Of note, older collection refers to organized human biological materials originally obtained for different purposes, and subsequently stored and used for research without the explicit consent of the participants, thus not complying with current ethical and legal requirements.
Over the past decades, increasing attention to ethical and legal principles has prompted a progressive shift from the use of historical collections, often lacking informed consent, to the development of structured and compliant approaches to the acquisition and management of biological materials. This evolution reflects the growing need for transparency, standardization, and participant protection, and has laid the foundation for modern biobanking practices based on rigorous scientific, ethical, and procedural frameworks.

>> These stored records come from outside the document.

(* Let $l\ge1$ be an integer. (i) For every measure $m=\gamma_1\epsilon_{\lambda_1}+\cdots+\gamma_{l+1}\epsilon_{\lambda_{l+1}}$ with $\gamma_i>0$ and $0<\lambda_1<\cdots<\lambda_{l+1}$, there is a unique measure $M=c_1\epsilon_{\kappa_1}+\cdots+c_l\epsilon_{\kappa_l}$ with $c_i>0$ and $0<\kappa_1<\cdots<\kappa_l$ satisfying $$q+\frac r\lambda+\int\frac{m(du)}{\lambda+u}=\frac{1}{a\lambda+b+\int\frac{\lambda}{\lambda+u}M(du)},\qquad\lambda>0,\qquad(\ast)$$ with $a=1/\overline m_0$, $b=1/\overline m_{-1}$, $q=0=r$; moreover $\lambda_1<\kappa_1<\lambda_2<\cdots<\kappa_{l-1}<\lambda_l<\kappa_l<\lambda_{l+1}$. Conversely, for given $a,b>0$ and $M=c_1\epsilon_{\kappa_1}+\cdots+c_l\epsilon_{\kappa_l}$ ($c_i>0$, $0<\kappa_1<\cdots<\kappa_l$), there is a unique $m=\gamma_1\epsilon_{\lambda_1}+\cdots+\gamma_{l+1}\epsilon_{\lambda_{l+1}}$ ($\gamma_i>0$, $0<\lambda_1<\cdots<\lambda_{l+1}$) satisfying $(\ast)$ with $q=0=r$. (ii) Let $q>0$. For every $m=\gamma_1\epsilon_{\lambda_1}+\cdots+\gamma_l\epsilon_{\lambda_l}$ with $\gamma_i>0$, $0<\lambda_1<\cdots<\lambda_l$, there is a unique $M=c_1\epsilon_{\kappa_1}+\cdots+c_l\epsilon_{\kappa_l}$ ($c_i>0$, $0<\kappa_1<\cdots<\kappa_l$) satisfying $(\ast)$ with $r=0=a$ and $b=1/(q+\overline m_{-1})$; moreover $\lambda_1<\kappa_1<\lambda_2<\cdots<\kappa_{l-1}<\lambda_l<\kappa_l\le\lambda_l+\overline m_0q^{-1}$. Conversely, for given $b>0$ and $M=c_1\epsilon_{\kappa_1}+\cdots+c_l\epsilon_{\kappa_l}$ ($c_i>0$, $0<\kappa_1<\cdots<\kappa_l$), there is a unique $m=\gamma_1\epsilon_{\lambda_1}+\cdots+\gamma_l\epsilon_{\lambda_l}$ ($\gamma_i>0$, $0<\lambda_1<\cdots<\lambda_l$) satisfying $(\ast)$ with $q=1/(b+\overline M_0)$ and $r=0=a$.
   Context: $\epsilon_x$ denotes the Dirac measure at $x$. For a measure $m$ on $(0,\infty)$, $\overline m_\alpha=\int u^\alpha m(du)$. *)

theory Defs
  imports Complex_Main
begin

text \<open>A finite discrete measure  w 1 \<epsilon>_(x 1) + ... + w n \<epsilon>_(x n)  on (0,\<infinity>) is represented
  by its weights w and atoms x (1-based indices).  disc_ok n w x: all weights positive and
  0 < x 1 < x 2 < ... < x n.\<close>

definition disc_ok :: "nat \<Rightarrow> (nat \<Rightarrow> real) \<Rightarrow> (nat \<Rightarrow> real) \<Rightarrow> bool" where
  "disc_ok n w x \<longleftrightarrow> (\<forall>i\<in>{1..n}. 0 < w i) \<and> 0 < x 1 \<and> (\<forall>i. 1 \<le> i \<and> i < n \<longrightarrow> x i < x (Suc i))"

definition dint :: "nat \<Rightarrow> (nat \<Rightarrow> real) \<Rightarrow> (nat \<Rightarrow> real) \<Rightarrow> (real \<Rightarrow> real) \<Rightarrow> real" where
  "dint n w x f = (\<Sum>i=1..n. w i * f (x i))"

definition dmom :: "nat \<Rightarrow> (nat \<Rightarrow> real) \<Rightarrow> (nat \<Rightarrow> real) \<Rightarrow> real \<Rightarrow> real" where
  "dmom n w x \<alpha> = dint n w x (\<lambda>u. u powr \<alpha>)"

definition star_rel :: "real \<Rightarrow> real \<Rightarrow> real \<Rightarrow> real \<Rightarrow>
    nat \<Rightarrow> (nat \<Rightarrow> real) \<Rightarrow> (nat \<Rightarrow> real) \<Rightarrow> nat \<Rightarrow> (nat \<Rightarrow> real) \<Rightarrow> (nat \<Rightarrow> real) \<Rightarrow> bool" where
  "star_rel q r a b nm g lam nM c k \<longleftrightarrow>
     (\<forall>t>0. q + r / t + dint nm g lam (\<lambda>u. 1 / (t + u))
            = 1 / (a * t + b + dint nM c k (\<lambda>u. t / (t + u))))"

end

theory Submission
  imports Defs "HOL-Computational_Algebra.Polynomial"
begin

text \<open>
  Clearing denominators turns \<open>star_rel\<close> into an identity between rational functions whose
  poles are the negatives of the atoms. With \<open>Q(t) = \<Prod>(t + \<lambda>\<^sub>i)\<close> and
  \<open>K(t) = \<Prod>(t + \<kappa>\<^sub>j)\<close> one has \<open>q + \<integral> m(du)/(t+u) = P(t)/Q(t)\<close> and
  \<open>a t + b + \<integral> t/(t+u) M(du) = G(t)/K(t)\<close> for explicit polynomials \<open>P\<close> and \<open>G\<close>, so \<open>star_rel\<close>
  says \<open>P/Q = K/G\<close>. Given \<open>m\<close>, the values \<open>P(-\<lambda>\<^sub>i)\<close> alternate in sign, so \<open>P\<close> has a zero
  \<open>-\<kappa>\<^sub>j\<close> strictly between consecutive \<open>-\<lambda>\<^sub>i\<close> (for \<open>q > 0\<close> the last one lies in
  \<open>(\<lambda>\<^sub>l, \<lambda>\<^sub>l + m\<^sub>0/q]\<close>), and comparing leading coefficients \<open>P\<close> is a constant multiple of \<open>K\<close>.
  Conversely, given \<open>M\<close>, \<open>G\<close> alternates at \<open>0, -\<kappa>\<^sub>1, \<dots>, -\<kappa>\<^sub>l\<close> and, when \<open>a > 0\<close>, at a far
  point \<open>-T\<close>; its zeros are the \<open>-\<lambda>\<^sub>i\<close> and \<open>G\<close> is a constant multiple of \<open>Q\<close>.
  In both directions the remaining measure is read off from the partial fraction expansion of a
  ratio \<open>\<Prod>(t + y\<^sub>i) / \<Prod>(t + x\<^sub>j)\<close> of products with interlacing zeros, whose residues are
  positive precisely because of the interlacing. Uniqueness holds because
  \<open>t \<mapsto> \<Sum> w\<^sub>i / (t + x\<^sub>i)\<close> on \<open>t > 0\<close> determines the atoms \<open>x\<^sub>i\<close> and weights \<open>w\<^sub>i\<close>.
\<close>

section \<open>Node polynomials and partial fractions\<close>

text \<open>The zeros are the points \<open>- x i\<close>: an atom \<open>u\<close> is the pole \<open>- u\<close> of \<open>t \<mapsto> 1 / (t + u)\<close>.\<close>

definition node_poly :: "'a set \<Rightarrow> ('a \<Rightarrow> real) \<Rightarrow> real poly" where
  "node_poly I x = (\<Prod>i\<in>I. [:x i, 1:])"

definition partial_numer :: "'a set \<Rightarrow> ('a \<Rightarrow> real) \<Rightarrow> ('a \<Rightarrow> real) \<Rightarrow> real poly" where
  "partial_numer I w x = (\<Sum>i\<in>I. smult (w i) (node_poly (I - {i}) x))"

lemma poly_node_poly: "poly (node_poly I x) t = (\<Prod>i\<in>I. t + x i)"
  by (simp add: node_poly_def poly_prod add.commute)

lemma degree_node_poly: "finite I \<Longrightarrow> degree (node_poly I x) = card I"
  unfolding node_poly_def by (subst degree_prod_sum_eq) auto

lemma coeff_node_poly_card: "finite I \<Longrightarrow> coeff (node_poly I x) (card I) = 1"
proof -
  assume "finite I"
  have "lead_coeff (node_poly I x) = (\<Prod>i\<in>I. lead_coeff [:x i, 1:])"
    unfolding node_poly_def by (rule lead_coeff_prod)
  then have "lead_coeff (node_poly I x) = 1" by simp
  then show ?thesis using degree_node_poly[OF \<open>finite I\<close>, of x] by simp
qed

lemma node_poly_root: "finite I \<Longrightarrow> j \<in> I \<Longrightarrow> poly (node_poly I x) (- x j) = 0"
  unfolding poly_node_poly by (intro prod_zero) auto

lemma poly_node_poly_pos: "(\<And>i. i \<in> I \<Longrightarrow> 0 < t + x i) \<Longrightarrow> 0 < poly (node_poly I x) t"
  unfolding poly_node_poly by (rule prod_pos) auto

Initially, it takes the form of a simple collection process, in which tissues, fluids or other biological materials are obtained from research participants or patients according to standardized protocols. However, this phase does not end with the mere act of collection: it requires a careful acquisition procedure to ensure the integrity of the biological material and its suitability for subsequent analysis.
With increasing complexity, the collection process becomes part of a broader methodological framework, in which validation, preservation, and traceability criteria assume a crucial role. Each sample is accompanied by detailed data, including clinical, molecular, and environmental information, essential to contextualize experimental results and ensure reproducibility.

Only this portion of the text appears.